Cindy Johnson/ Courtesy of Farrar, Straus & Giroux

Johnson, who died on Thursday at the age of 67, wrote the rarest of books—one that is loved both by high schoolers and the adults they become. Jesus’ Son, which was published in 1992, is a series of linked short stories about the exploits of a junkie named Fuckhead and other addicts. These are stories about drug and alcohol abuse, violence, the growing rot at the center of rural American life, and ultimately redemption. It’s a surreal and haunting book, but also a very funny one; as Jonathan Franzen once wrote, “The god I want to believe in has a voice and sense of humor like Denis Johnson’s.” Johnson’s authorial voice in Jesus’ Son was both omniscient and fully tuned to the strange beating humanity of his characters—a sort of thousand-yard stare that didn’t miss a detail.

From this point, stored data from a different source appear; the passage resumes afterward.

section \<open>Independence of clauses on disjoint variables\<close>

lemma card_restrict_fiber_eq:
  assumes "W \<subseteq> V" "p \<in> assignments W" "p' \<in> assignments W"
    and indep: "\<And>X Y. X \<in> assignments V \<Longrightarrow> Y \<in> assignments V \<Longrightarrow>
      (\<forall>v\<in>V - W. X v = Y v) \<Longrightarrow> Q X = Q Y"
  shows "card {X \<in> assignments V. Q X \<and> restrict X W = p}
       = card {X \<in> assignments V. Q X \<and> restrict X W = p'}"
proof -
  define switch where "switch q X = (\<lambda>v. if v \<in> W then q v else X v)" for q X :: "'a \<Rightarrow> bool"
  have switch_in: "switch q X \<in> {X \<in> assignments V. Q X \<and> restrict X W = q}"
    if "q \<in> assignments W" "X \<in> assignments V" "Q X" for q X
  proof -
    have "switch q X \<in> assignments V"
      using that assms(1) by (auto simp: switch_def assignments_def PiE_iff extensional_def)
    moreover have "Q (switch q X) = Q X"
      using calculation that(2) by (intro indep) (auto simp: switch_def)
    moreover have "restrict (switch q X) W = q"
      using that(1) by (auto simp: switch_def assignments_def PiE_iff extensional_def restrict_def fun_eq_iff)
    ultimately show ?thesis using that(3) by simp
  qed
  have switch_back: "switch q (switch q' X) = X" if "restrict X W = q" for q q' X
    using that by (force simp: switch_def fun_eq_iff restrict_def)
  have "bij_betw (switch p') {X \<in> assignments V. Q X \<and> restrict X W = p}
      {X \<in> assignments V. Q X \<and> restrict X W = p'}"
    by (rule bij_betw_byWitness[where f' = "switch p"]) (use switch_in switch_back assms(2,3) in auto)
  then show ?thesis by (rule bij_betw_same_card)
qed

lemma card_restrict_fiber:
  assumes "finite V" "W \<subseteq> V" "p \<in> assignments W"
    and indep: "\<And>X Y. X \<in> assignments V \<Longrightarrow> Y \<in> assignments V \<Longrightarrow>
      (\<forall>v\<in>V - W. X v = Y v) \<Longrightarrow> Q X = Q Y"
  shows "card {X \<in> assignments V. Q X \<and> restrict X W = p} * 2 ^ card W
       = card {X \<in> assignments V. Q X}"
proof -
  define fiber where "fiber q = {X \<in> assignments V. Q X \<and> restrict X W = q}" for q
  have "finite W" using assms(1,2) finite_subset by blast
  have "{X \<in> assignments V. Q X} = (\<Union>q\<in>assignments W. fiber q)"
    by (auto simp: fiber_def assignments_def)
  moreover have "card (\<Union>q\<in>assignments W. fiber q) = (\<Sum>q\<in>assignments W. card (fiber q))"
    by (rule card_UN_disjoint) (auto simp: fiber_def finite_assignments assms(1) \<open>finite W\<close>)
  ultimately have "card {X \<in> assignments V. Q X} = (\<Sum>q\<in>assignments W. card (fiber q))"
    by simp
  also have "\<dots> = (\<Sum>q\<in>assignments W. card (fiber p))"
  proof (rule sum.cong[OF refl])
    fix q assume "q \<in> assignments W"
    show "card (fiber q) = card (fiber p)"
      unfolding fiber_def by (rule card_restrict_fiber_eq[OF assms(2) \<open>q \<in> assignments W\<close> assms(3) indep])
  qed
  also have "\<dots> = card (fiber p) * 2 ^ card W"
    using \<open>finite W\<close> by (simp add: assignments_def card_PiE)
  finally show ?thesis by (simp add: fiber_def)
qed

lemma assignment_count_violating_independent:
  assumes "finite V" "clause_vars L \<subseteq> V"
    and indep: "\<And>X Y. X \<in> assignments V \<Longrightarrow> Y \<in> assignments V \<Longrightarrow>
      (\<forall>v\<in>V - clause_vars L. X v = Y v) \<Longrightarrow> Q X = Q Y"
  shows "assignment_count V (\<lambda>X. \<not> clause_sat X L \<and> Q X) * 2 ^ card (clause_vars L)
       \<le> assignment_count V Q"
proof -
  \<comment> \<open>the unique assignment of the variables of \<open>L\<close> that violates \<open>L\<close>\<close>
  define p where "p = restrict (\<lambda>v. (v, True) \<notin> L) (clause_vars L)"
  have "restrict X (clause_vars L) = p" if "\<not> clause_sat X L" for X
  proof -
    have "X v = ((v, True) \<notin> L)" if "v \<in> clause_vars L" for v
    proof -
      obtain b where "(v, b) \<in> L" using \<open>v \<in> clause_vars L\<close> by (auto simp: clause_vars_def)
      then show ?thesis using \<open>\<not> clause_sat X L\<close> unfolding clause_sat_def by (cases b) auto
    qed
    then show ?thesis unfolding p_def by (rule restrict_ext)
  qed
  then have "{X \<in> assignments V. \<not> clause_sat X L \<and> Q X}
      \<subseteq> {X \<in> assignments V. Q X \<and> restrict X (clause_vars L) = p}"
    by blast
  then have "card {X \<in> assignments V. \<not> clause_sat X L \<and> Q X}
      \<le> card {X \<in> assignments V. Q X \<and> restrict X (clause_vars L) = p}"
    by (rule card_mono[rotated]) (simp add: finite_assignments assms(1))
  then have "card {X \<in> assignments V. \<not> clause_sat X L \<and> Q X} * 2 ^ card (clause_vars L)
      \<le> card {X \<in> assignments V. Q X \<and> restrict X (clause_vars L) = p} * 2 ^ card (clause_vars L)"
    by (rule mult_le_mono1)
  also have "\<dots> = card {X \<in> assignments V. Q X}"
    by (rule card_restrict_fiber[OF assms(1,2) _ indep]) (simp add: p_def assignments_def)
  finally have "real (card {X \<in> assignments V. \<not> clause_sat X L \<and> Q X} * 2 ^ card (clause_vars L))
      \<le> real (card {X \<in> assignments V. Q X})"
    by (rule of_nat_mono)
  then show ?thesis by (simp add: assignment_count_def)
qed

section \<open>A local lemma for uniform formulas of bounded degree\<close>

lemma card_clauses_meeting_le:
  assumes "max_var_degree V C lits d" "finite C" "finite W" "W \<subseteq> V"
  shows "card {c \<in> C. clause_vars (lits c) \<inter> W \<noteq> {}} \<le> card W * d"
proof -
  have "{c \<in> C. clause_vars (lits c) \<inter> W \<noteq> {}} = (\<Union>v\<in>W. {c \<in> C. v \<in> clause_vars (lits c)})"
    by auto
  then have "card {c \<in> C. clause_vars (lits c) \<inter> W \<noteq> {}}
      \<le> (\<Sum>v\<in>W. card {c \<in> C. v \<in> clause_vars (lits c)})"
    by (simp only:) (rule card_UN_le[OF assms(3)])
  also have "\<dots> \<le> (\<Sum>v\<in>W. d)"
    using assms(1,4) unfolding max_var_degree_def by (intro sum_mono) auto
  finally show ?thesis by simp
qed

lemma card_clauses_meeting_clause_le:
  assumes cnf: "k_uniform_cnf k V C lits" and deg: "max_var_degree V C lits d"
    and "c \<in> C" "T \<subseteq> C"
  shows "card {t \<in> T. clause_vars (lits t) \<inter> clause_vars (lits c) \<noteq> {}} \<le> k * d"
proof -
  have "finite V" "finite C" using cnf by (auto simp: k_uniform_cnf_def)
  have vars_c: "clause_vars (lits c) \<subseteq> V" "card (clause_vars (lits c)) = k"
    using cnf \<open>c \<in> C\<close> by (auto simp: k_uniform_cnf_def)
  have "card {t \<in> T. clause_vars (lits t) \<inter> clause_vars (lits c) \<noteq> {}}
      \<le> card {t \<in> C. clause_vars (lits t) \<inter> clause_vars (lits c) \<noteq> {}}"
    using \<open>T \<subseteq> C\<close> \<open>finite C\<close> by (intro card_mono) auto
  also have "\<dots> \<le> k * d"
    using card_clauses_meeting_le[OF deg \<open>finite C\<close> finite_subset[OF vars_c(1) \<open>finite V\<close>] vars_c(1)]
    by (simp only: vars_c(2))
  finally show ?thesis .
qed

lemma card_clauses_le:
  assumes cnf: "k_uniform_cnf k V C lits" and "k \<ge> 1" and deg: "max_var_degree V C lits d"
  shows "card C \<le> card V * d"
proof -
  have "finite C" "finite V" using cnf by (auto simp: k_uniform_cnf_def)
  have "clause_vars (lits c) \<inter> V \<noteq> {}" if "c \<in> C" for c
  proof -
    have "clause_vars (lits c) \<subseteq> V" "card (clause_vars (lits c)) = k"
      using cnf that by (auto simp: k_uniform_cnf_def)
    with \<open>k \<ge> 1\<close> have "clause_vars (lits c) \<noteq> {}" by auto
    with \<open>clause_vars (lits c) \<subseteq> V\<close> show ?thesis by blast
  qed
  then have "{c \<in> C. clause_vars (lits c) \<inter> V \<noteq> {}} = C" by blast
  with card_clauses_meeting_le[OF deg \<open>finite C\<close> \<open>finite V\<close> order_refl] show ?thesis by simp
qed

lemma one_le_k_mult_degree:
  assumes cnf: "k_uniform_cnf k V C lits" and "k \<ge> 1" and deg: "max_var_degree V C lits d"
    and "C \<noteq> {}"
  shows "1 \<le> real k * real d"
proof -
  have "0 < card C" using cnf \<open>C \<noteq> {}\<close> by (simp add: k_uniform_cnf_def card_gt_0_iff)
  with card_clauses_le[OF cnf \<open>k \<ge> 1\<close> deg] have "d \<noteq> 0" by (metis mult_0_right not_le)
  then have "1 \<le> k * d" using \<open>k \<ge> 1\<close> by simp
  then show ?thesis by (metis of_nat_1 of_nat_le_iff of_nat_mult)
qed

lemma assignment_count_satisfies_union_ge:
  fixes x :: real
  assumes "finite V" "finite U" "T \<inter> U = {}" "x \<le> 1"
    and violating_le: "\<And>W c. W \<subseteq> T \<union> U \<Longrightarrow> c \<in> U \<Longrightarrow> c \<notin> W \<Longrightarrow>
      assignment_count V (\<lambda>X. \<not> clause_sat X (lits c) \<and> satisfies lits W X)
        \<le> x * assignment_count V (satisfies lits W)"
  shows "(1 - x) ^ card U * assignment_count V (satisfies lits T)
       \<le> assignment_count V (satisfies lits (T \<union> U))"
  using assms(2,3,5)
proof (induction U rule: finite_induct)
  case empty
  then show ?case by simp
next
  case (insert u U)
  let ?N = "assignment_count V"
  have IH: "(1 - x) ^ card U * ?N (satisfies lits T) \<le> ?N (satisfies lits (T \<union> U))"
    using insert.prems by (intro insert.IH) auto
  have split: "?N (satisfies lits (T \<union> U)) = ?N (satisfies lits (T \<union> insert u U))
      + ?N (\<lambda>X. \<not> clause_sat X (lits u) \<and> satisfies lits (T \<union> U) X)"
  proof -
    have "satisfies lits (T \<union> insert u U) = (\<lambda>X. clause_sat X (lits u) \<and> satisfies lits (T \<union> U) X)"
      by (auto simp: satisfies_def)
    then show ?thesis
      by (simp add: assignment_count_split[OF assms(1),
            where P = "satisfies lits (T \<union> U)" and R = "\<lambda>X. clause_sat X (lits u)"])
  qed
  have violating: "?N (\<lambda>X. \<not> clause_sat X (lits u) \<and> satisfies lits (T \<union> U) X)
      \<le> x * ?N (satisfies lits (T \<union> U))"
    using insert.prems insert.hyps by (intro insert.prems(2)) auto
  have "(1 - x) ^ card (insert u U) * ?N (satisfies lits T)
      = (1 - x) * ((1 - x) ^ card U * ?N (satisfies lits T))"
    using insert.hyps by simp
  also have "\<dots> \<le> (1 - x) * ?N (satisfies lits (T \<union> U))"
    using IH assms(4) by (intro mult_left_mono) auto
  also have "\<dots> \<le> ?N (satisfies lits (T \<union> insert u U))"
    using split violating by (simp add: algebra_simps)
  finally show ?case .
qed

lemma assignment_count_satisfies_union_ge_half:
  fixes x :: real
  assumes "finite V" "finite U" "T \<inter> U = {}" "x \<le> 1" "real (card U) * x \<le> 1 / 2"
    and violating_le: "\<And>W c. W \<subseteq> T \<union> U \<Longrightarrow> c \<in> U \<Longrightarrow> c \<notin> W \<Longrightarrow>
      assignment_count V (\<lambda>X. \<not> clause_sat X (lits c) \<and> satisfies lits W X)
        \<le> x * assignment_count V (satisfies lits W)"
  shows "assignment_count V (satisfies lits T) \<le> 2 * assignment_count V (satisfies lits (T \<union> U))"
proof -
  have "1 / 2 \<le> 1 + real (card U) * (- x)"
    using assms(5) by simp
  also have "\<dots> \<le> (1 - x) ^ card U"
    using Bernoulli_inequality[of "- x" "card U"] assms(4) by simp
  finally have "1 / 2 * assignment_count V (satisfies lits T)
      \<le> (1 - x) ^ card U * assignment_count V (satisfies lits T)"
    by (rule mult_right_mono) (rule assignment_count_nonneg)
  also have "\<dots> \<le> assignment_count V (satisfies lits (T \<union> U))"
    by (rule assignment_count_satisfies_union_ge[OF assms(1-4) violating_le])
  finally show ?thesis by simp
qed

Johnson shared some traits with Kerouac and Bukowski, but he never romanticized or sentimentalized—or at least not without a measure of mischief. He also kept developing his voice, pushing it into new terrain. Jesus’ Son will no doubt loom over Johnson’s legacy, but he was a more than accomplished poet, novelist, and nonfiction writer. (Seek, his collection of journalism, is as weird and good as nonfiction writing gets.) He’s written not one but two books that can vie for the best work of fiction in the 21st century—Tree of Smoke, an epic novel about the Vietnam War that may actually be his finest piece of writing, and Train Dreams, a twisted novella about an orphan growing up in the American West that somehow manages to be epic. Johnson’s influence also extends well beyond the page—he taught at the Iowa Writers’ Workshop for a number of years.

But he’ll be remembered most for those stories—perverse and funny and haunting gems like “Car Crash While Hitchhiking” and “Emergency.” RIP.